Member of the Louisiana House of Representatives from the 11th district
- In office January 1, 1992 – August 1, 2000
- Preceded by: Constituency established
- Succeeded by: Rick Gallot

Personal details
- Born: February 8, 1948 Grambling, Lincoln Parish Louisiana, USA
- Died: August 1, 2000 (aged 52) Bossier City, Bossier Parish, Louisiana, USA
- Party: Democratic
- Children: 1
- Education: Grambling State University (BA); Ohio University (MA); Southern University (JD); Tulane University (LLM);

= Pinkie C. Wilkerson =

American politician and lawyer

Pinkie Carolyn Wilkerson (February 8, 1948 – August 1, 2000) was an American politician who served in the Louisiana House of Representatives in the 11th district from 1992 until her death on August 1, 2000.

==Biography==
Wilkerson was born on February 8, 1948, in Grambling, Louisiana. She attended Grambling State University Lab High School and earned her bachelor's degree from Grambling State University. She earned a Master of Arts degree from Ohio University in Athens, a Juris Doctor from Southern University, and an L.L.M. from Tulane University.

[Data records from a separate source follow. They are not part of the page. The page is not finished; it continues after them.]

(* Let $\lambda>0$, $\gamma>0$, $\beta\ge 0$. Let $X$ be the Banach space of bounded analytic functions $h:[0,\lambda]\to\mathbb{R}$ with the supremum norm $\|h\|_\infty=\sup\{|h(x)|:0\le x\le\lambda\}$, and $K=\{h\in X: h\ge 0,\ \|h\|_\infty\le 1\}$. For $h\in K$ let $\Psi_h=1+\beta h$. Then for $h\in K$ the only solution $y$ of the linear problem \begin{align*} &[\Psi_h(\eta)y'(\eta)]'+2\eta y'(\eta)=0,\quad 0<\eta<\lambda,\\ &\Psi_h(0)y'(0)-\gamma y(0)=0,\\ &y(\lambda)=1, \end{align*} is given by $$y(\eta)=D_h\left(\frac1\gamma+\int_0^\eta\frac{\exp\left(-2\int_0^x\frac{\xi}{\Psi_h(\xi)}d\xi\right)}{\Psi_h(x)}\,dx\right),\quad 0<\eta<\lambda,$$ where $$D_h=\gamma\left(1+\gamma\int_0^\lambda\frac{\exp\left(-2\int_0^x\frac{\xi}{\Psi_h(\xi)}d\xi\right)}{\Psi_h(x)}\,dx\right)^{-1}.$$ Moreover, $y\in K$. *)

theory Defs
  imports "HOL-Analysis.Analysis"
begin

definition real_analytic_on :: "(real \<Rightarrow> real) \<Rightarrow> real set \<Rightarrow> bool" where
  "real_analytic_on h S \<longleftrightarrow>
     (\<forall>x\<in>S. \<exists>r>0. \<exists>a::nat \<Rightarrow> real.
        \<forall>y\<in>S. \<bar>y - x\<bar> < r \<longrightarrow> (\<lambda>n. a n * (y - x) ^ n) sums h y)"

text \<open>The space X: bounded analytic functions on [0,lam] (only values on [0,lam] matter).\<close>
definition Xspace :: "real \<Rightarrow> (real \<Rightarrow> real) set" where
  "Xspace lam = {h. real_analytic_on h {0..lam} \<and> bounded (h ` {0..lam})}"

definition supnorm :: "real \<Rightarrow> (real \<Rightarrow> real) \<Rightarrow> real" where
  "supnorm lam h = (SUP x\<in>{0..lam}. \<bar>h x\<bar>)"

definition Kset :: "real \<Rightarrow> (real \<Rightarrow> real) set" where
  "Kset lam = {h \<in> Xspace lam. (\<forall>x\<in>{0..lam}. h x \<ge> 0) \<and> supnorm lam h \<le> 1}"

definition Psi :: "real \<Rightarrow> (real \<Rightarrow> real) \<Rightarrow> real \<Rightarrow> real" where
  "Psi \<beta> h \<eta> = 1 + \<beta> * h \<eta>"

definition solves_bvp :: "real \<Rightarrow> real \<Rightarrow> real \<Rightarrow> (real \<Rightarrow> real) \<Rightarrow> (real \<Rightarrow> real) \<Rightarrow> bool" where
  "solves_bvp lam \<beta> \<gamma> h y \<longleftrightarrow>
     continuous_on {0..lam} y \<and>
     (\<exists>y' w. (\<forall>x\<in>{0..<lam}. (y has_real_derivative y' x) (at x within {0..lam})) \<and>
            (\<forall>x\<in>{0<..<lam}. ((\<lambda>t. Psi \<beta> h t * y' t) has_real_derivative w x) (at x)) \<and>
            (\<forall>x\<in>{0<..<lam}. w x + 2 * x * y' x = 0) \<and>
            Psi \<beta> h 0 * y' 0 - \<gamma> * y 0 = 0) \<and>
     y lam = 1"

definition Ifun :: "real \<Rightarrow> (real \<Rightarrow> real) \<Rightarrow> real \<Rightarrow> real" where
  "Ifun \<beta> h x = exp (- 2 * integral {0..x} (\<lambda>\<xi>. \<xi> / Psi \<beta> h \<xi>)) / Psi \<beta> h x"

definition Dconst :: "real \<Rightarrow> real \<Rightarrow> real \<Rightarrow> (real \<Rightarrow> real) \<Rightarrow> real" where
  "Dconst lam \<beta> \<gamma> h = \<gamma> * inverse (1 + \<gamma> * integral {0..lam} (Ifun \<beta> h))"

definition yformula :: "real \<Rightarrow> real \<Rightarrow> real \<Rightarrow> (real \<Rightarrow> real) \<Rightarrow> real \<Rightarrow> real" where
  "yformula lam \<beta> \<gamma> h \<eta> = Dconst lam \<beta> \<gamma> h * (1 / \<gamma> + integral {0..\<eta>} (Ifun \<beta> h))"

end

theory Submission
  imports Defs "HOL-Complex_Analysis.Cauchy_Integral_Formula"
begin

text \<open>
  Write F(x) for the integral of xi/Psi(xi) over [0,x] and I = exp(-2F)/Psi for the integrand
  of the solution formula. The factor exp(2F) integrates the equation:
  (Psi y' exp(2F))' = exp(2F) ((Psi y')' + 2 eta y') = 0, so y' = C I for a constant C.
  Integrating, the Robin condition at 0 gives y(0) = C/gamma, and y(lam) = 1 forces C = D_h;
  conversely this function solves the problem. As I > 0, the solution increases from
  D_h/gamma > 0 to 1, so it takes values in [0,1].

  For analyticity we use that a function on an interval is real analytic exactly when it
  extends holomorphically near every point. Such functions are closed under sums, products,
  exp, reciprocals of nonvanishing functions and indefinite integrals, and the solution
  formula is built from h by these operations.
\<close>

section \<open>Real analyticity through local holomorphic extensions\<close>

definition holomorphic_extension_at :: "real set \<Rightarrow> (real \<Rightarrow> real) \<Rightarrow> real \<Rightarrow> bool" where
  "holomorphic_extension_at S f x \<longleftrightarrow>
     (\<exists>U g. open U \<and> complex_of_real x \<in> U \<and> g holomorphic_on U \<and>
        (\<forall>y\<in>S. complex_of_real y \<in> U \<longrightarrow> g (complex_of_real y) = complex_of_real (f y)))"

lemma holomorphic_extension_atE:
  assumes "holomorphic_extension_at S f x"
  obtains U g where "open U" "complex_of_real x \<in> U" "g holomorphic_on U"
    "\<And>y. y \<in> S \<Longrightarrow> complex_of_real y \<in> U \<Longrightarrow> g (complex_of_real y) = complex_of_real (f y)"
  using assms unfolding holomorphic_extension_at_def by blast
text \<open>Both sides count, modulo 2, the pairs \<open>(x, w)\<close> with \<open>x \<in> V\<close>, \<open>w \<in> f x\<close> and \<open>y \<in> g w\<close>.\<close>
lemma lin_lin:
  assumes "finite V" and "\<And>x. x \<in> V \<Longrightarrow> finite (f x)"
  shows "lin g (lin f V) = lin (\<lambda>x. lin g (f x)) V"
proof (rule set_eqI)
  fix y
  define W where "W = \<Union> (f ` V)"
  define N where "N w = card {x \<in> V. w \<in> f x}" for w
  define M where "M x = card {w \<in> f x. y \<in> g w}" for x
  have "finite W"
    using assms by (simp add: W_def)
  have "lin f V \<subseteq> W"
    unfolding W_def by (blast dest: lin_support)
  then have "{w \<in> lin f V. y \<in> g w} = {w \<in> {w \<in> W. y \<in> g w}. odd (N w)}"
    by (auto simp: lin_def N_def)
  then have "odd (card {w \<in> lin f V. y \<in> g w}) \<longleftrightarrow> odd (sum N {w \<in> W. y \<in> g w})"
    using \<open>finite W\<close> by (simp add: even_sum_iff)
  also have "sum N {w \<in> W. y \<in> g w} = (\<Sum>w\<in>{w \<in> W. y \<in> g w}. \<Sum>x\<in>V. if w \<in> f x then 1 else 0)"
    unfolding N_def using assms(1) by (simp add: sum.If_cases Int_def)
  also have "\<dots> = (\<Sum>x\<in>V. \<Sum>w\<in>{w \<in> W. y \<in> g w}. if w \<in> f x then 1 else 0)"
    by (rule sum.swap)
  also have "\<dots> = sum M V"
  proof (rule sum.cong)
    fix x
    assume "x \<in> V"
    then have "{w \<in> W. y \<in> g w} \<inter> {w. w \<in> f x} = {w \<in> f x. y \<in> g w}"
      unfolding W_def by blast
    then show "(\<Sum>w\<in>{w \<in> W. y \<in> g w}. if w \<in> f x then 1 else 0) = M x"
      using \<open>finite W\<close> by (simp add: M_def sum.If_cases Int_def)
  qed simp
  also have "odd (sum M V) \<longleftrightarrow> odd (card {x \<in> V. y \<in> lin g (f x)})"
    using assms(1) by (simp add: even_sum_iff M_def lin_def)
  finally show "y \<in> lin g (lin f V) \<longleftrightarrow> y \<in> lin (\<lambda>x. lin g (f x)) V"
    by (simp add: lin_def)
qed

lemma lin_in_piece:
  assumes "\<And>x y. x \<in> basis C \<Longrightarrow> y \<in> f x \<Longrightarrow> y \<in> basis D \<and> gr D y = gr C x \<and> flt D y \<le> flt C x"
    and "V \<in> piece C n p"
  shows "lin f V \<in> piece D n p"
  using assms unfolding piece_def by (fastforce dest: lin_support)

lemma filt_isoI:
  assumes "finite (basis C)" and "finite (basis D)"
    and f: "\<And>x y. x \<in> basis C \<Longrightarrow> y \<in> f x \<Longrightarrow> y \<in> basis D \<and> gr D y = gr C x \<and> flt D y \<le> flt C x"
    and g: "\<And>y x. y \<in> basis D \<Longrightarrow> x \<in> g y \<Longrightarrow> x \<in> basis C \<and> gr C x = gr D y \<and> flt C x \<le> flt D y"
    and gf: "\<And>x. x \<in> basis C \<Longrightarrow> lin g (f x) = {x}"
    and fg: "\<And>y. y \<in> basis D \<Longrightarrow> lin f (g y) = {y}"
    and dif: "\<And>x. x \<in> basis C \<Longrightarrow> lin (dif D) (f x) = lin f (dif C x)"
  shows "filt_iso C D f"
proof -
  have f_fin: "finite (f x)" if "x \<in> basis C" for x
    using f that \<open>finite (basis D)\<close> by (meson finite_subset subsetI)
  have g_fin: "finite (g y)" if "y \<in> basis D" for y
    using g that \<open>finite (basis C)\<close> by (meson finite_subset subsetI)
  have gf_lin: "lin g (lin f V) = V" if "V \<subseteq> basis C" for V
  proof -
    have "lin g (lin f V) = lin (\<lambda>x. {x}) V"
      using that f_fin gf \<open>finite (basis C)\<close>
      by (simp add: lin_lin finite_subset subset_iff cong: lin_cong)
    then show ?thesis
      by (simp add: lin_singletons)
  qed
  have fg_lin: "lin f (lin g W) = W" if "W \<subseteq> basis D" for W
  proof -
    have "lin f (lin g W) = lin (\<lambda>y. {y}) W"
      using that g_fin fg \<open>finite (basis D)\<close>
      by (simp add: lin_lin finite_subset subset_iff cong: lin_cong)
    then show ?thesis
      by (simp add: lin_singletons)
  qed
  have "lin f ` piece C n p = piece D n p" for n p
  proof
    show "lin f ` piece C n p \<subseteq> piece D n p"
      using f by (blast intro: lin_in_piece)
    show "piece D n p \<subseteq> lin f ` piece C n p"
    proof
      fix W
      assume W: "W \<in> piece D n p"
      have "lin g W \<in> piece C n p"
        using g W by (rule lin_in_piece)
      moreover have "lin f (lin g W) = W"
        using W fg_lin by (simp add: piece_def)
      ultimately show "W \<in> lin f ` piece C n p"
        by (metis image_eqI)
    qed
  qed
  moreover have "bij_betw (lin f) (Pow (basis C)) (Pow (basis D))"
  proof (rule bij_betw_byWitness[where f' = "lin g"])
    show "lin f ` Pow (basis C) \<subseteq> Pow (basis D)" and "lin g ` Pow (basis D) \<subseteq> Pow (basis C)"
      using f g by (blast dest: lin_support)+
  qed (use gf_lin fg_lin in auto)
  ultimately show ?thesis
    using f dif by (auto simp: filt_iso_def)
qed
lemma measure_gauss_n_ge_sigma_n:
  assumes n: "1 \<le> n" and C: "radial_cone_n n D \<in> sets (leb_n n)" and R: "R \<in> sets borel"
    and X: "X \<in> sets (leb_n n)" and sector: "radial_cone_n n D \<inter> (vnorm_n n -` R \<inter> space (leb_n n)) \<subseteq> X"
    and tail: "radial_moment (n - 1) / 40 \<le> (\<integral>r. indicator R r * radial_weight (n - 1) r \<partial>lborel)"
  shows "1 / 40 * sigma_n n D \<le> measure (gauss_n n) X"
proof -
  interpret prob_space "gauss_n n"
    by (rule prob_space_gauss_n)
  have "0 \<le> sigma_n n D"
    by (simp add: sigma_n_def)
  then have "1 / 40 * sigma_n n D
      \<le> sigma_n n D * (\<integral>r. indicator R r * radial_weight (n - 1) r \<partial>lborel) / radial_moment (n - 1)"
    using tail radial_moment_pos[of "n - 1"] by (simp add: field_simps mult_left_mono)
  also have "\<dots> = measure (gauss_n n) (radial_cone_n n D \<inter> (vnorm_n n -` R \<inter> space (leb_n n)))"
    by (rule measure_gauss_n_radial_sector[OF n C R, symmetric])
  also have "\<dots> \<le> measure (gauss_n n) X"
    using X sector by (intro finite_measure_mono) (auto simp: gauss_n_def)
  finally show ?thesis .
qed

Wilkerson began her law practice in Grambling in 1979. She then served as assistant district attorney in the 3rd Judicial District of Lincoln and Union parishes, and Assistant Attorney General for the State of Louisiana. From 1981 to 1984, she was an assistant professor at Southern University Law School.

==Louisiana House of Representatives==
In 1992, Wilkerson began serving in the newly created 11th district of the Louisiana House of Representatives, which includes Claiborne Parish and parts of Bienville, Lincoln and Union parishes. She served as the Vice Chair of the Health & Welfare Committee, served on the Civil Law and Procedure and Judiciary Committees and was the first and only female chair of the Louisiana Legislative Rural Caucus. Wilkerson's focus in the legislature was on education, healthcare and social issues.

In 1993, Wilkerson sponsored legislation establishing a 24-hour statewide compulsive gamblers helpline, also having the number placed in gambling establishments and on lottery tickets. The same year, she passed legislation authorizing courts to issue restraining and protective orders for abused parents. Later, in 1995, Wilkerson passed legislation that included grandparents and grandchildren within the coverage of the family violence programs related to community-based shelters for victims of family violence.

Wilkerson introduced legislation to prohibit "drive-through mastectomies," to study the problem of providing prescription drugs to the indigent, and established an Incentive Award Program awarding parishes for reducing the drop-out and teen pregnancy rates. She also sponsored seminars and awareness programs on diabetes, cancer, lupus, and heart disease.

Wilkerson also initiated the Youth Academy 2000, which is a series of skill classes that provide opportunities for children to learn alongside professionals in such areas as science, computers, mathematics, medicine, music, and entrepreneurship.

==Death and legacy==
Wilkerson was killed on August 1, 2000, in a multi-car accident while she was stopped at a highway construction site on Interstate-20 in Bossier City, Louisiana

After Wilkerson's death, the African American National Bar Association established an award in her name. The Delta Sigma Theta sorority established the Pinkie C. Wilkerson Life Development Center in Grambling. In 2015, House Bill 140 dedicated the interchange of I-20 and LA 49 at Grambling to Wilkerson.